The Sticky Issue Of Restrictive Covenants In Contracts
A recent case has highlighted the reluctance of the courts to intervene in “rewriting” these clauses to make them enforceable. This means it is even more important to review your contracts regularly.
Franchisors – you need to know that your restrictive covenants can be relied on, when needed.
Franchisees – you need to know how restricted you really are if you want to get out of your franchise.
RC’s – the Law
The general rule is that a franchisor has a legitimate right to protect its interests in the territory where its franchisees operate. This means that when a franchise comes to an end for a reasonable period of time the franchisor can prevent the former franchisee from competing with the incoming franchisee and from poaching staff etc. The key word however is “reasonable”.
Your contract normally contains a severance clause. This allows a court to remove the offending part of a clause provided that it can be removed without needing to rewrite the contract. We lawyers call this the blue pencil test – literally, if you used a blue pencil to take out the offending part of the clause does the clause still work without needing to add any more words.
RC’s – The Lesson
In Francotyp-Postalia Ltd v Whitehead and others the Franchisor failed to win a case asking the court to alter the wording of its non-compete clause to make it enforceable. In this case to make the clause work the court would have had to not just “blue pencil” the offending part but also add in additional wording to prevent the proposed change affecting other clauses in the contract.
This meant the franchisor was unable to prevent his former franchisee from competing in the same area. (Although, the former franchisee was still prevented from poaching staff and customers because these clauses were enforceable.)

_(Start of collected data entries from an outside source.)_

lemma betting_e_maximal:
  assumes E: "E \<in> e_variables X H" and above: "\<forall>z\<in>X. betting_e \<beta> z \<le> E z"
  shows "E = betting_e \<beta>"
proof
  fix z
  show "E z = betting_e \<beta> z"
  proof (cases "z \<in> X")
    case False
    then show ?thesis
      using E by (auto simp: e_variables_def betting_e_def)
  next
    case z: True
    have "E z \<le> betting_e \<beta> z"
    proof (cases z \<mu> rule: linorder_cases)
      case less
      define p where "p = (1 - \<mu>) / (1 - z)"
      have "z < 1"
        using less mu_less_1 by simp
      then have "p * (1 - z) = 1 - \<mu>" "0 < p" "p \<le> 1"
        using less mu_less_1 by (auto simp: p_def)
      then have "p * z + (1 - p) * 1 = \<mu>" "0 < p" "p \<le> 1"
        by (simp_all add: algebra_simps)
      then show ?thesis
        using above one_in_X by (intro e_variable_le_betting_e_two_point[OF E z one_in_X]) auto
    next
      case equal
      then show ?thesis
        using z above by (intro e_variable_le_betting_e_two_point[OF E z z, of 1]) auto
    next
      case greater
      then have "\<mu> / z * z + (1 - \<mu> / z) * 0 = \<mu>" "0 < \<mu> / z" "\<mu> / z \<le> 1"
        using mu_pos by auto
      then show ?thesis
        using above zero_in_X by (intro e_variable_le_betting_e_two_point[OF E z zero_in_X]) auto
    qed
    then show ?thesis
      using above z by (simp add: order_antisym)
  qed
qed

end

theorem theorem1:
  fixes X :: "real set" and \<mu> :: real
  assumes "X \<in> sets borel" and "X \<subseteq> {0..1}" and "0 \<in> X" and "1 \<in> X"
    and "0 < \<mu>" and "\<mu> < 1"
  shows "optimal_eclass X {P \<in> prob_measures_on X. (\<integral>x. x \<partial>P) = \<mu>}
           {(\<lambda>x. if x \<in> X then 1 + \<beta> * (x - \<mu>) else 0) | \<beta>. \<beta> \<in> {1 / (\<mu> - 1) .. 1 / \<mu>}}"
proof -
  interpret bounded_mean X \<mu>
    using assms by unfold_locales
  have "optimal_eclass X H {betting_e \<beta> | \<beta>. \<beta> \<in> betting_range}"
  proof (rule optimal_eclassI)
    show "majorising_eclass X H {betting_e \<beta> | \<beta>. \<beta> \<in> betting_range}"
      unfolding majorising_eclass_def majorises_def
      using betting_e_in_e_variables ex_betting_e_above by blast
  qed (auto dest: betting_e_maximal)
  then show ?thesis
    by (simp add: betting_e_def)
qed

end
text \<open>Complementing every player's status maps m_i(x) to 3 - m_i(x) and exchanges wins and
  losses, so it conjugates the chain with parameters r to the chain with parameters
  r'(m) = 1 - r(3 - m).  The stationary distribution is transported along and the expected gain
  per turn changes sign: mu(1 - r3, 1 - r2, 1 - r1, 1 - r0) = - mu(r0, r1, r2, r3).  Both games B
  and C have r1 = r2, which this substitution preserves, so it exchanges the Parrondo and
  anti-Parrondo conditions via (p0, p1, p3) \<mapsto> (1 - p3, 1 - p1, 1 - p0), an isometry of R^3 that
  preserves Lebesgue measure.  The stationary distribution that mu refers to exists and is unique
  because any state reaches any other by single flips, each of positive probability.\<close>

lemma left_null_vector_if_row_sums_zero:
  fixes S :: "'a set" and A :: "'a \<Rightarrow> 'a \<Rightarrow> real"
  assumes fin: "finite S" and ne: "S \<noteq> {}"
    and rows: "\<And>x. x \<in> S \<Longrightarrow> (\<Sum>y\<in>S. A x y) = 0"
  shows "\<exists>v. (\<exists>x\<in>S. v x \<noteq> 0) \<and> (\<forall>y\<in>S. (\<Sum>x\<in>S. v x * A x y) = 0)"
proof -
  define n where "n = card S"
  have n0: "n > 0" using fin ne by (simp add: n_def card_gt_0_iff)
  obtain f where f: "bij_betw f {0..<n} S" using ex_bij_betw_nat_finite[OF fin] n_def by auto
  define M where "M = mat n n (\<lambda>(i,j). A (f i) (f j))"
  have M: "M \<in> carrier_mat n n" by (simp add: M_def)
  have sumf: "(\<Sum>x\<in>S. g x) = (\<Sum>i<n. g (f i))" for g :: "'a \<Rightarrow> real"
    using sum.reindex_bij_betw[OF f, of g] by (simp add: atLeast0LessThan)
  have "M *\<^sub>v vec n (\<lambda>_. 1) = 0\<^sub>v n"
  proof (rule eq_vecI)
    fix i assume "i < dim_vec (0\<^sub>v n :: real vec)"
    then have i: "i < n" by simp
    then have "f i \<in> S" using f by (auto simp: bij_betw_def)
    then have "(\<Sum>j<n. A (f i) (f j)) = 0" using rows sumf by simp
    then show "(M *\<^sub>v vec n (\<lambda>_. 1)) $ i = 0\<^sub>v n $ i"
      using i by (simp add: M_def scalar_prod_def atLeast0LessThan)
  qed (simp add: M_def)
  moreover have "(vec n (\<lambda>_. 1) :: real vec) \<noteq> 0\<^sub>v n"
  proof
    assume "(vec n (\<lambda>_. 1) :: real vec) = 0\<^sub>v n"
    then have "(vec n (\<lambda>_. 1) :: real vec) $ 0 = 0\<^sub>v n $ 0" by simp
    with n0 show False by simp
  qed
  ultimately have "det M = 0" using det_0_iff_vec_prod_zero[OF M] by (metis vec_carrier)
  then have "det (transpose_mat M) = 0" using det_transpose[OF M] by simp
  moreover have "transpose_mat M \<in> carrier_mat n n" using M by simp
  ultimately obtain w where w: "w \<in> carrier_vec n" "w \<noteq> 0\<^sub>v n" "transpose_mat M *\<^sub>v w = 0\<^sub>v n"
    using det_0_iff_vec_prod_zero by blast
  define v where "v x = w $ (inv_into {0..<n} f x)" for x
  have vf: "v (f i) = w $ i" if "i < n" for i
    using that f by (simp add: v_def bij_betw_def inv_into_f_f)
  have "\<exists>x\<in>S. v x \<noteq> 0"
  proof (rule ccontr)
    assume "\<not> ?thesis"
    then have "\<forall>i<n. w $ i = 0" using vf f by (metis atLeastLessThan_iff bij_betwE zero_le)
    then have "w = 0\<^sub>v n" using w(1) by (intro eq_vecI) auto
    with w(2) show False by simp
  qed
  moreover have "(\<Sum>x\<in>S. v x * A x y) = 0" if y: "y \<in> S" for y
  proof -
    obtain j where j: "j < n" "y = f j" using f y
      by (metis atLeastLessThan_iff bij_betw_def imageE)
    have "(\<Sum>x\<in>S. v x * A x y) = (transpose_mat M *\<^sub>v w) $ j"
      using sumf vf j w(1) by (simp add: M_def scalar_prod_def atLeast0LessThan mult.commute)
    then show ?thesis using w(3) j by simp
  qed
  ultimately show ?thesis by blast
qed

locale finite_irreducible_chain =
  fixes S :: "'a set" and P :: "'a \<Rightarrow> 'a \<Rightarrow> real"
  assumes finite_space: "finite S"
    and P_nonneg: "\<And>x y. x \<in> S \<Longrightarrow> y \<in> S \<Longrightarrow> 0 \<le> P x y"
    and P_row_sum: "\<And>x. x \<in> S \<Longrightarrow> (\<Sum>y\<in>S. P x y) = 1"
    and irreducible: "\<And>Z. Z \<subseteq> S \<Longrightarrow> Z \<noteq> {} \<Longrightarrow>
      (\<forall>y\<in>Z. \<forall>x\<in>S. 0 < P x y \<longrightarrow> x \<in> Z) \<Longrightarrow> Z = S"
begin

definition stationary :: "('a \<Rightarrow> real) \<Rightarrow> bool" where
  "stationary v \<longleftrightarrow> (\<forall>y\<in>S. (\<Sum>x\<in>S. v x * P x y) = v y)"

I’m a Franchisee – How does this affect me?
We are often asked to advise franchisees on the impact of restrictive covenants in their contracts if they decide to “cut out the middleman”.
Franchisees looking to derive more revenue from the business that they have built want to know: (a) how they can get out of their franchise contracts; and (b) what potential impact setting up competing business might have on them.
Whether your contract prevents you from competing or poaching staff and/or customers depends on how reasonable the restrictions are.
I’m a Franchisor – What steps can I take to avoid this happening to me?
- Futureproof your franchise by ensuring that your contracts contain appropriately drafted restrictive covenants and severance clauses.
- If you are thinking of terminating a franchise contract get a pre-termination review to check if you might have difficulty enforcing your restrictive covenants
- Get as much customer data and information from your franchisees. Take technological steps to garner data, and restrict their access to your proprietary information.
- Negotiate – if you know you won’t be able to enforce what you have in your contract use any leverage that you have to secure agreement to reductions.
- Keep the dialogue open and be co-operative.
I’m a Franchisee – How can I use this to get around the RC’s in my contracts?
- Check the Legals – First get a fixed fee contract review to check the enforceability of your restrictive covenants.
- Tread carefully, you may be in breach of other provisions of your franchise contract if you compete even if the RC’s are void.
- Customers are loyal to people and not brands. Maintain good links with your customers.
- Do not discuss your plans with staff or customers until your franchise contract has come to an end.
- Maintain, if possible, good relations with your franchisor.
- Comply with the terms of your franchise contract.